# Storage of the finished product?



## mikedaub (Nov 30, 2016)

Now that I have done a batch of cheese and I am waiting for it to age a bit, I am curious about storage of the finished product.  I have read a lot of posts on there, where some folks are doing upwards of 60 lbs of cheese at a time.  I feel like I would need a separate fridge just to keep all of that in.





Other than the fridge, or freezing it, which sometimes can alter the texture a bit, can I store it just on the pantry shelf, or even in my basement, which stays at about 60 degrees year round?  I don't think I will be keeping things for half a year or anything, but maybe a couple months?  When I use the smoker, I hate just using 2 shelves and would like to make sure its as full as I can get it so I might have some bigger batches to store.  I assume there will be different types of cheeses that are safer to do that with (hard vs soft), but I wanted to see what more experienced people thought.  I would assume that using a Vac sealer would help out with longevity of it, but would waxing anything help?


----------



## forluvofsmoke (Nov 30, 2016)

Vac-sealing for aging is second best, next to waxing. It's all about retarding/preventing mold. The longer you intend to age/store the more reason for waxing.
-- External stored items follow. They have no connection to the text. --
(* Let an FCA with state set $S$, neighborhood $m=l+1+r$, local rule $f$ and boundary type $b\in\{\text{null},\text{periodic}\}$ be given, let $G$ be its reversibility graph and $\mathrm{CG}$ its circuit graph. Let $N$ be a negative vertex of $G$ with value $k\ge1$, let $C_1,\dots,C_t$ be distinct circuits of $G$ with lengths $r_1,\dots,r_t$, and let $x_1,\dots,x_t\ge 0$ be integers such that for every $j$ with $x_j>0$ there is a path in $\mathrm{CG}$ from $C_j$ to $N$ all of whose vertices other than $N$ are circuits $C_{j'}$ with $x_{j'}>0$. Then the FCA is not $(k+x_1r_1+\dots+x_tr_t)$-cell-reversible.
   Context: A one-dimensional finite cellular automaton (FCA) is given by a state set $S=\{0,1,\dots,s-1\}$, integers $l,r\ge 0$ with neighborhood size $m=l+1+r\ge 2$, a local rule $f:S^m\to S$, and a boundary type $b\in\{\text{null},\text{periodic}\}$. For $n\ge 1$ the global map $\tau_n:S^n\to S^n$ sends $(x_0,\dots,x_{n-1})$ to $(y_0,\dots,y_{n-1})$ with $y_i=f(x_{i-l},\dots,x_{i+r})$, where for the null boundary $x_j=0$ whenever $j<0$ or $j>n-1$, and for the periodic boundary indices are taken modulo $n$. The FCA is $n$-cell-reversible if $\tau_n$ is a bijection (equivalently, since $S^n$ is finite, surjective). Reversibility graph (RG). Null boundary: vertices are subsets of $S^{m-1}$; the root is $N_0=\{(a_1,\dots,a_{m-1})\in S^{m-1}: a_1=\dots=a_l=0\}$; the acceptance set is $R=\{(a_1,\dots,a_{m-1})\in S^{m-1}: a_{m-r}=\dots=a_{m-1}=0\}$ (so $R=S^{m-1}$ if $r=0$); for a subset $N$ and $c\in S$, $\delta(N,c)=\{(a_1,\dots,a_{m-1})\in S^{m-1}:\exists a_0\in S,\ (a_0,\dots,a_{m-2})\in N,\ f(a_0,a_1,\dots,a_{m-1})=c\}$. Periodic boundary: vertices are subsets of $S^{m-1}\times S^{m-1}$; the root and the acceptance set are $N_0=R=\{(a,a):a\in S^{m-1}\}$; $\delta(N,c)=\{((a_1,\dots,a_{m-1}),(b_1,\dots,b_{m-1})):\exists b_0\in S,\ ((a_1,\dots,a_{m-1}),(b_0,\dots,b_{m-2}))\in N,\ f(b_0,\dots,b_{m-1})=c\}$. In both cases the RG is the directed graph whose vertex set consists of all subsets obtainable from $N_0$ by repeatedly applying $\delta$ (including $N_0$; equal subsets are the same vertex; the empty set may occur), with, for each vertex $N$ and each $c\in S$, an edge labelled $c$ from $N$ to $\delta(N,c)$. The value of a vertex $N$ is the length of a shortest directed path from $N_0$ to $N$. A vertex $N$ is negative if $N\cap R=\emptyset$. A circuit is an elementary directed cycle of the RG (a closed directed path with no repeated vertex other than its start = end; a loop is a circuit of length $1$); its length is its number of edges, and it passes through $N$ if $N$ is one of its vertices. Circuit graph (CG): the undirected graph whose vertices are all negative vertices and all circuits of the RG; two circuits are joined by an edge if they have at least one RG-vertex in common; a circuit $D$ and a negative vertex $N$ are joined by an edge if $D$ passes through $N$; there are no other edges. *)

theory Defs
  imports Main
begin

datatype boundary = Null | Periodic

definition tuples :: "nat \<Rightarrow> nat \<Rightarrow> nat list set" where
  "tuples s k = {a. length a = k \<and> (\<forall>c\<in>set a. c < s)}"

definition is_fca :: "nat \<Rightarrow> nat \<Rightarrow> nat \<Rightarrow> (nat list \<Rightarrow> nat) \<Rightarrow> bool" where
  "is_fca s l r f \<longleftrightarrow> l + 1 + r \<ge> 2 \<and> (\<forall>w\<in>tuples s (l + 1 + r). f w < s)"

definition cell :: "boundary \<Rightarrow> nat \<Rightarrow> nat list \<Rightarrow> int \<Rightarrow> nat" where
  "cell b n xs k = (case b of
      Null \<Rightarrow> (if 0 \<le> k \<and> k < int n then xs ! nat k else 0)
    | Periodic \<Rightarrow> xs ! nat (k mod int n))"

definition tau :: "boundary \<Rightarrow> nat \<Rightarrow> nat \<Rightarrow> (nat list \<Rightarrow> nat) \<Rightarrow> nat \<Rightarrow> nat list \<Rightarrow> nat list" where
  "tau b l r f n xs =
     map (\<lambda>i. f (map (\<lambda>j. cell b n xs (int i + int j - int l)) [0..<l + 1 + r])) [0..<n]"

definition cell_reversible :: "boundary \<Rightarrow> nat \<Rightarrow> nat \<Rightarrow> nat \<Rightarrow> (nat list \<Rightarrow> nat) \<Rightarrow> nat \<Rightarrow> bool" where
  "cell_reversible b s l r f n \<longleftrightarrow> bij_betw (tau b l r f n) (tuples s n) (tuples s n)"

text \<open>Elements of RG vertices: a (m-1)-tuple for the null boundary, a pair of
  (m-1)-tuples for the periodic boundary.\<close>
datatype rgelem = NElem "nat list" | PElem "nat list" "nat list"

definition rg_root :: "boundary \<Rightarrow> nat \<Rightarrow> nat \<Rightarrow> nat \<Rightarrow> rgelem set" where
  "rg_root b s l r = (case b of
      Null \<Rightarrow> {NElem a | a. a \<in> tuples s (l + r) \<and> take l a = replicate l 0}
    | Periodic \<Rightarrow> {PElem a a | a. a \<in> tuples s (l + r)})"

definition rg_acc :: "boundary \<Rightarrow> nat \<Rightarrow> nat \<Rightarrow> nat \<Rightarrow> rgelem set" where
  "rg_acc b s l r = (case b of
      Null \<Rightarrow> {NElem a | a. a \<in> tuples s (l + r) \<and> drop l a = replicate r 0}
    | Periodic \<Rightarrow> {PElem a a | a. a \<in> tuples s (l + r)})"

definition rg_delta :: "boundary \<Rightarrow> nat \<Rightarrow> nat \<Rightarrow> nat \<Rightarrow> (nat list \<Rightarrow> nat) \<Rightarrow> rgelem set \<Rightarrow> nat \<Rightarrow> rgelem set" where
  "rg_delta b s l r f N c = (case b of
      Null \<Rightarrow> {NElem a | a. a \<in> tuples s (l + r) \<and>
                 (\<exists>a0<s. NElem (a0 # butlast a) \<in> N \<and> f (a0 # a) = c)}
    | Periodic \<Rightarrow> {PElem a bb | a bb. a \<in> tuples s (l + r) \<and> bb \<in> tuples s (l + r) \<and>
                 (\<exists>b0<s. PElem a (b0 # butlast bb) \<in> N \<and> f (b0 # bb) = c)})"

inductive_set reach :: "('v \<Rightarrow> nat \<Rightarrow> 'v) \<Rightarrow> 'v \<Rightarrow> nat \<Rightarrow> 'v set"
  for delta N0 s where
  root: "N0 \<in> reach delta N0 s"
| step: "N \<in> reach delta N0 s \<Longrightarrow> c < s \<Longrightarrow> delta N c \<in> reach delta N0 s"

definition edge :: "('v \<Rightarrow> nat \<Rightarrow> 'v) \<Rightarrow> nat \<Rightarrow> 'v \<Rightarrow> 'v \<Rightarrow> bool" where
  "edge delta s N N' \<longleftrightarrow> (\<exists>c<s. delta N c = N')"

definition vvalue :: "('v \<Rightarrow> nat \<Rightarrow> 'v) \<Rightarrow> 'v \<Rightarrow> nat \<Rightarrow> 'v \<Rightarrow> nat" where
  "vvalue delta N0 s N =
     (LEAST k. \<exists>w. length w = k \<and> (\<forall>c\<in>set w. c < s) \<and> foldl delta N0 w = N)"

definition is_circuit :: "('v \<Rightarrow> nat \<Rightarrow> 'v) \<Rightarrow> 'v \<Rightarrow> nat \<Rightarrow> 'v list \<Rightarrow> bool" where
  "is_circuit delta N0 s vs \<longleftrightarrow> vs \<noteq> [] \<and> distinct vs \<and> set vs \<subseteq> reach delta N0 s \<and>
     (\<forall>i<length vs. edge delta s (vs ! i) (vs ! ((i + 1) mod length vs)))"

definition same_circuit :: "'v list \<Rightarrow> 'v list \<Rightarrow> bool" where
  "same_circuit C D \<longleftrightarrow> (\<exists>q. rotate q C = D)"

end

theory Submission
  imports Defs
begin

text \<open>Reading the image \<open>\<tau>\<^sub>n(x)\<close> of a configuration from the root of the reversibility
  graph always ends in a vertex meeting the acceptance set, because the vertex reached after
  \<open>i\<close> letters contains the window of \<open>m - 1\<close> cells of \<open>x\<close> starting at position \<open>i - l\<close>.
  On the other hand, a shortest word leading to \<open>N\<close> (of length \<open>k\<close>), followed by a closed walk
  at \<open>N\<close> that runs through each circuit \<open>C\<^sub>j\<close> exactly \<open>x\<^sub>j\<close> times, is a word of length
  \<open>n = k + \<Sigma> x\<^sub>j r\<^sub>j\<close> ending in the negative vertex \<open>N\<close>. Such a closed walk exists because
  circuits can be spliced into a closed walk at any vertex it visits, and each used circuit
  is linked to \<open>N\<close> through used circuits. Hence \<open>\<tau>\<^sub>n\<close> is not surjective.\<close>

lemma reach_imp_word:
  assumes "v \<in> reach delta root s"
  shows "\<exists>w \<in> lists {..<s}. foldl delta root w = v"
  using assms
proof induction
  case root
  show ?case by (intro bexI[of _ "[]"]) auto
next
  case (step v c)
  then obtain w where "w \<in> lists {..<s}" "foldl delta root w = v" by blast
  with step show ?case by (intro bexI[of _ "w @ [c]"]) auto
qed

lemma vvalue_word:
  assumes "v \<in> reach delta root s"
  obtains w where "w \<in> lists {..<s}" "length w = vvalue delta root s v" "foldl delta root w = v"
proof -
  let ?P = "\<lambda>k. \<exists>w. length w = k \<and> (\<forall>c\<in>set w. c < s) \<and> foldl delta root w = v"
  obtain w where "w \<in> lists {..<s}" "foldl delta root w = v" using reach_imp_word[OF assms] by blast
  then have "?P (length w)" by auto
  then have "?P (LEAST k. ?P k)" by (rule LeastI)
  then show thesis using that unfolding vvalue_def by auto
qed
Not sure if you caught this thread or not...extremely informative, with some Q & A along the way:

http://www.smokingmeatforums.com/t/123130/mr-ts-smoked-cheese-from-go-to-show-w-q-view

Eric


----------



## mikedaub (Dec 1, 2016)

forluvofsmoke said:


> Not sure if you caught this thread or not...extremely informative, with some Q & A along the way:
> 
> http://www.smokingmeatforums.com/t/123130/mr-ts-smoked-cheese-from-go-to-show-w-q-view


Thanks for this.. I will start digging through it.  I might have missed it when looking through things..


----------